*TASK TO CARRY OUT*:
What lines in the records below hold the string "close"? Please show them.

Data extracted from a collection
■ ■ ■

lemma sum_abs_scalar_mixture_le:
  fixes w w' :: "'i::finite \<Rightarrow> nat \<Rightarrow> real" and f g :: "nat \<Rightarrow> 'i \<Rightarrow> real"
  assumes "is_distK K w'"
    and "\<And>k i. k \<in> {1..K} \<Longrightarrow> \<bar>f k i\<bar> \<le> B"
    and "\<And>k i. k \<in> {1..K} \<Longrightarrow> \<bar>f k i - g k i\<bar> \<le> D"
  shows "(\<Sum>k\<in>{1..K}. \<bar>(\<Sum>i\<in>UNIV. w i k * f k i) - (\<Sum>i\<in>UNIV. w' i k * g k i)\<bar>)
    \<le> B * l1K K w w' + D"
  using l1K_mixture_le[of K w' "\<lambda>k i (_::unit). f k i" B "\<lambda>k i _. g k i" D w] assms
  by (simp add: l1K_def l1_def)

lemma is_distK_sum_fst:
  fixes F :: "'x::finite \<times> 'u::finite \<Rightarrow> nat \<Rightarrow> real"
  assumes "is_distK K F"
  shows "is_distK K (\<lambda>u k. \<Sum>x\<in>UNIV. F (x, u) k)"
proof -
  have "(\<Sum>u\<in>UNIV. \<Sum>k\<in>{1..K}. \<Sum>x\<in>UNIV. F (x, u) k)
      = (\<Sum>u\<in>UNIV. \<Sum>x\<in>UNIV. \<Sum>k\<in>{1..K}. F (x, u) k)"
    by (intro sum.cong refl) (rule sum.swap)
  also have "\<dots> = (\<Sum>z\<in>UNIV. \<Sum>k\<in>{1..K}. F z k)"
    unfolding sum.cartesian_product'[of _ UNIV UNIV, unfolded UNIV_Times_UNIV] by (rule sum.swap)
  also have "\<dots> = 1"
    using assms by (simp add: is_distK_def)
  finally show ?thesis
    using assms unfolding is_distK_def by (auto intro: sum_nonneg)
qed

lemma l1K_sum_fst_le:
  fixes F G :: "'x::finite \<times> 'u::finite \<Rightarrow> nat \<Rightarrow> real"
  shows "l1K K (\<lambda>u k. \<Sum>x\<in>UNIV. F (x, u) k) (\<lambda>u k. \<Sum>x\<in>UNIV. G (x, u) k) \<le> l1K K F G"
proof -
  have "l1K K (\<lambda>u k. \<Sum>x\<in>UNIV. F (x, u) k) (\<lambda>u k. \<Sum>x\<in>UNIV. G (x, u) k)
      \<le> (\<Sum>u\<in>UNIV. \<Sum>k\<in>{1..K}. \<Sum>x\<in>UNIV. \<bar>F (x, u) k - G (x, u) k\<bar>)"
    unfolding l1K_def by (intro sum_mono) (simp add: sum_subtractf[symmetric] sum_abs)
  also have "\<dots> = (\<Sum>u\<in>UNIV. \<Sum>x\<in>UNIV. \<Sum>k\<in>{1..K}. \<bar>F (x, u) k - G (x, u) k\<bar>)"
    by (intro sum.cong refl) (rule sum.swap)
  also have "\<dots> = l1K K F G"
    unfolding l1K_def sum.cartesian_product'[of _ UNIV UNIV, unfolded UNIV_Times_UNIV] by (rule sum.swap)
  finally show ?thesis .
qed

definition state_action_dist ::
    "nat \<Rightarrow> ('x \<Rightarrow> nat \<Rightarrow> real) \<Rightarrow> (nat \<Rightarrow> 'x \<Rightarrow> ('x \<Rightarrow> real) \<Rightarrow> 'u \<Rightarrow> real)
      \<Rightarrow> 'x \<times> 'u \<Rightarrow> nat \<Rightarrow> real" where
  "state_action_dist K mu pol xu k = mu (fst xu) k * pol k (fst xu) (marg K mu) (snd xu)"

lemma nuMF_eq_sum_state_action_dist:
  "nuMF K mu pol = (\<lambda>u k. \<Sum>x\<in>UNIV. state_action_dist K mu pol (x, u) k)"
  by (simp add: fun_eq_iff nuMF_def state_action_dist_def mult.commute)

lemma PMF_eq_mixture:
  "PMF K P mu pol = (\<lambda>y k. \<Sum>xu\<in>UNIV. state_action_dist K mu pol xu k *
     P k (fst xu) (snd xu) (marg K mu) (marg K (nuMF K mu pol)) y)"
  by (simp add: fun_eq_iff PMF_def state_action_dist_def
      sum.cartesian_product'[of _ UNIV UNIV, unfolded UNIV_Times_UNIV])

lemma rMF_eq_mixture:
  "rMF K r mu pol = (\<lambda>k. \<Sum>xu\<in>UNIV. state_action_dist K mu pol xu k *
     r k (fst xu) (snd xu) (marg K mu) (marg K (nuMF K mu pol)))"
  by (simp add: fun_eq_iff rMF_def state_action_dist_def
      sum.cartesian_product'[of _ UNIV UNIV, unfolded UNIV_Times_UNIV])

lemma is_distK_state_action_dist:
  fixes mu :: "'x::finite \<Rightarrow> nat \<Rightarrow> real" and pol :: "nat \<Rightarrow> 'x \<Rightarrow> ('x \<Rightarrow> real) \<Rightarrow> 'u::finite \<Rightarrow> real"
  assumes mu: "is_distK K mu" and pol: "\<And>k x. k \<in> {1..K} \<Longrightarrow> is_dist (pol k x (marg K mu))"
  shows "is_distK K (state_action_dist K mu pol)"
proof -
  have "(\<Sum>xu\<in>UNIV. \<Sum>k\<in>{1..K}. state_action_dist K mu pol xu k)
      = (\<Sum>x\<in>UNIV. \<Sum>k\<in>{1..K}. \<Sum>u\<in>UNIV. mu x k * pol k x (marg K mu) u)"
    unfolding sum.cartesian_product'[of _ UNIV UNIV, unfolded UNIV_Times_UNIV] state_action_dist_def
    by (intro sum.cong refl) (simp, rule sum.swap)
  also have "\<dots> = (\<Sum>x\<in>UNIV. \<Sum>k\<in>{1..K}. mu x k)"
    using pol by (simp add: sum_distrib_left[symmetric] is_dist_def)
  finally show ?thesis
    using mu pol unfolding is_distK_def is_dist_def state_action_dist_def by simp
qed

lemma l1K_state_action_dist_le:
  fixes mu mu' :: "'x::finite \<Rightarrow> nat \<Rightarrow> real"
    and pol :: "nat \<Rightarrow> 'x \<Rightarrow> ('x \<Rightarrow> real) \<Rightarrow> 'u::finite \<Rightarrow> real"
  assumes mu: "is_distK K mu" and mu': "is_distK K mu'"
    and pol_dist: "\<And>k x m. k \<in> {1..K} \<Longrightarrow> is_dist m \<Longrightarrow> is_dist (pol k x m)"
    and pol_lip: "\<And>k x m1 m2. k \<in> {1..K} \<Longrightarrow> is_dist m1 \<Longrightarrow> is_dist m2 \<Longrightarrow>
        l1 (pol k x m1) (pol k x m2) \<le> L_Q * l1 m1 m2"
  shows "l1K K (state_action_dist K mu pol) (state_action_dist K mu' pol)
    \<le> l1K K mu mu' + L_Q * l1 (marg K mu) (marg K mu')"
proof -
  let ?m = "marg K mu" and ?m' = "marg K mu'"
  have dist: "is_dist ?m" "is_dist ?m'"
    using mu mu' by (simp_all add: is_dist_marg)
  have "l1K K (state_action_dist K mu pol) (state_action_dist K mu' pol)
      = (\<Sum>k\<in>{1..K}. \<Sum>xu\<in>UNIV. \<bar>state_action_dist K mu pol xu k - state_action_dist K mu' pol xu k\<bar>)"
    unfolding l1K_def by (rule sum.swap)
  also have "\<dots> = (\<Sum>k\<in>{1..K}. \<Sum>x\<in>UNIV. \<Sum>u\<in>UNIV. \<bar>mu x k * pol k x ?m u - mu' x k * pol k x ?m' u\<bar>)"
    unfolding sum.cartesian_product'[of _ UNIV UNIV, unfolded UNIV_Times_UNIV] state_action_dist_def
    by simp
  also have "\<dots> \<le> (\<Sum>k\<in>{1..K}. \<Sum>x\<in>UNIV. \<bar>mu x k - mu' x k\<bar> * 1 + mu' x k * (L_Q * l1 ?m ?m'))"
  proof (intro sum_mono order.trans[OF sum_abs_mult_diff_le] add_mono mult_left_mono)
    fix k x assume k: "k \<in> {1..K}"
    show "(\<Sum>u\<in>UNIV. \<bar>pol k x ?m u\<bar>) \<le> 1"
      using pol_dist[OF k dist(1)] by (simp add: is_dist_def)
    show "(\<Sum>u\<in>UNIV. \<bar>pol k x ?m u - pol k x ?m' u\<bar>) \<le> L_Q * l1 ?m ?m'"
      using pol_lip[OF k dist] by (simp add: l1_def)
  qed (use mu' in \<open>auto simp: is_distK_def\<close>)
  also have "\<dots> = (\<Sum>k\<in>{1..K}. 1 * (\<Sum>x\<in>UNIV. \<bar>mu x k - mu' x k\<bar>)
      + L_Q * l1 ?m ?m' * (\<Sum>x\<in>UNIV. mu' x k))"
    by (simp add: sum.distrib sum_distrib_left mult.commute[of "mu' _ _"])
  also have "\<dots> = 1 * l1K K mu mu' + L_Q * l1 ?m ?m'"
    using mu' by (rule sum_classes_l1K_plus_mass)
  finally show ?thesis by simp
qed

theorem lemma11:
  fixes K :: nat
    and r :: "nat \<Rightarrow> 'x::finite \<Rightarrow> 'u::finite \<Rightarrow> ('x \<Rightarrow> real) \<Rightarrow> ('u \<Rightarrow> real) \<Rightarrow> real"
    and P :: "nat \<Rightarrow> 'x \<Rightarrow> 'u \<Rightarrow> ('x \<Rightarrow> real) \<Rightarrow> ('u \<Rightarrow> real) \<Rightarrow> 'x \<Rightarrow> real"
    and pol :: "nat \<Rightarrow> 'x \<Rightarrow> ('x \<Rightarrow> real) \<Rightarrow> 'u \<Rightarrow> real"
    and mu mu' :: "'x \<Rightarrow> nat \<Rightarrow> real"
    and M_R L_R L_P L_Q :: real
  assumes K: "K \<ge> 1"
    and pos: "M_R > 0" "L_R > 0" "L_P > 0" "L_Q > 0"
    and r_bound: "\<And>k x u m n. k \<in> {1..K} \<Longrightarrow> is_dist m \<Longrightarrow> is_dist n \<Longrightarrow> \<bar>r k x u m n\<bar> \<le> M_R"
    and r_lip: "\<And>k x u m1 n1 m2 n2. k \<in> {1..K} \<Longrightarrow> is_dist m1 \<Longrightarrow> is_dist n1 \<Longrightarrow>
        is_dist m2 \<Longrightarrow> is_dist n2 \<Longrightarrow>
        \<bar>r k x u m1 n1 - r k x u m2 n2\<bar> \<le> L_R * (l1 m1 m2 + l1 n1 n2)"
    and P_dist: "\<And>k x u m n. k \<in> {1..K} \<Longrightarrow> is_dist m \<Longrightarrow> is_dist n \<Longrightarrow> is_dist (P k x u m n)"
    and P_lip: "\<And>k x u m1 n1 m2 n2. k \<in> {1..K} \<Longrightarrow> is_dist m1 \<Longrightarrow> is_dist n1 \<Longrightarrow>
        is_dist m2 \<Longrightarrow> is_dist n2 \<Longrightarrow>
        l1 (P k x u m1 n1) (P k x u m2 n2) \<le> L_P * (l1 m1 m2 + l1 n1 n2)"
    and pi_dist: "\<And>k x m. k \<in> {1..K} \<Longrightarrow> is_dist m \<Longrightarrow> is_dist (pol k x m)"
    and pi_lip: "\<And>k x m1 m2. k \<in> {1..K} \<Longrightarrow> is_dist m1 \<Longrightarrow> is_dist m2 \<Longrightarrow>
        l1 (pol k x m1) (pol k x m2) \<le> L_Q * l1 m1 m2"
    and mu: "is_distK K mu" and mu': "is_distK K mu'"
  shows
   "l1 (marg K (nuMF K mu pol)) (marg K (nuMF K mu' pol)) \<le> l1K K (nuMF K mu pol) (nuMF K mu' pol)
    \<and> l1K K (nuMF K mu pol) (nuMF K mu' pol) \<le> l1K K mu mu' + L_Q * l1 (marg K mu) (marg K mu')
    \<and> (\<Sum>k\<in>{1..K}. \<bar>rMF K r mu pol k - rMF K r mu' pol k\<bar>)
        \<le> (M_R + L_R) * l1K K mu mu' + (M_R * L_Q + L_R * (1 + L_Q)) * l1 (marg K mu) (marg K mu')
    \<and> l1 (marg K (PMF K P mu pol)) (marg K (PMF K P mu' pol)) \<le> l1K K (PMF K P mu pol) (PMF K P mu' pol)
    \<and> l1K K (PMF K P mu pol) (PMF K P mu' pol)
        \<le> (1 + L_P) * l1K K mu mu' + (L_Q + L_P * (1 + L_Q)) * l1 (marg K mu) (marg K mu')"
proof -
  let ?m = "marg K mu" and ?m' = "marg K mu'"
  let ?n = "marg K (nuMF K mu pol)" and ?n' = "marg K (nuMF K mu' pol)"
  let ?w = "state_action_dist K mu pol" and ?w' = "state_action_dist K mu' pol"
  let ?W = "l1 ?m ?m' + l1 ?n ?n'"
  have dist_w: "is_distK K ?w" "is_distK K ?w'"
    using mu mu' by (auto intro!: is_distK_state_action_dist pi_dist is_dist_marg)
  have dist_mn: "is_dist ?m" "is_dist ?m'" "is_dist ?n" "is_dist ?n'"
    using mu mu' dist_w
    by (auto intro!: is_dist_marg is_distK_sum_fst simp: nuMF_eq_sum_state_action_dist)
  have w: "l1K K ?w ?w' \<le> l1K K mu mu' + L_Q * l1 ?m ?m'"
    using mu mu' pi_dist pi_lip by (rule l1K_state_action_dist_le)
  have nu: "l1K K (nuMF K mu pol) (nuMF K mu' pol) \<le> l1K K ?w ?w'"
    unfolding nuMF_eq_sum_state_action_dist by (rule l1K_sum_fst_le)
  have W: "?W \<le> l1K K mu mu' + (1 + L_Q) * l1 ?m ?m'"
    using w nu l1_marg_le_l1K[of K "nuMF K mu pol" "nuMF K mu' pol"] by (simp add: algebra_simps)
  have r: "(\<Sum>k\<in>{1..K}. \<bar>rMF K r mu pol k - rMF K r mu' pol k\<bar>) \<le> M_R * l1K K ?w ?w' + L_R * ?W"
    unfolding rMF_eq_mixture
    by (rule sum_abs_scalar_mixture_le[OF dist_w(2)]) (simp_all add: r_bound r_lip dist_mn)
  have P: "l1K K (PMF K P mu pol) (PMF K P mu' pol) \<le> 1 * l1K K ?w ?w' + L_P * ?W"
    unfolding PMF_eq_mixture
    by (rule l1K_mixture_le[OF dist_w(2)])
      (use P_dist dist_mn in \<open>simp_all add: P_lip is_dist_def\<close>)
  have "(\<Sum>k\<in>{1..K}. \<bar>rMF K r mu pol k - rMF K r mu' pol k\<bar>)
      \<le> M_R * (l1K K mu mu' + L_Q * l1 ?m ?m') + L_R * (l1K K mu mu' + (1 + L_Q) * l1 ?m ?m')"
    using order.trans[OF r add_mono[OF mult_left_mono[OF w] mult_left_mono[OF W]]] pos by simp
  moreover have "l1K K (PMF K P mu pol) (PMF K P mu' pol)
      \<le> 1 * (l1K K mu mu' + L_Q * l1 ?m ?m') + L_P * (l1K K mu mu' + (1 + L_Q) * l1 ?m ?m')"
    using order.trans[OF P add_mono[OF mult_left_mono[OF w] mult_left_mono[OF W]]] pos by simp
  ultimately show ?thesis
    using nu w by (simp add: l1_marg_le_l1K algebra_simps)
qed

■ ■ ■

*THE COMPLETED TASK*:
  qed (use mu' in \<open>auto simp: is_distK_def\<close>)
      (use P_dist dist_mn in \<open>simp_all add: P_lip is_dist_def\<close>)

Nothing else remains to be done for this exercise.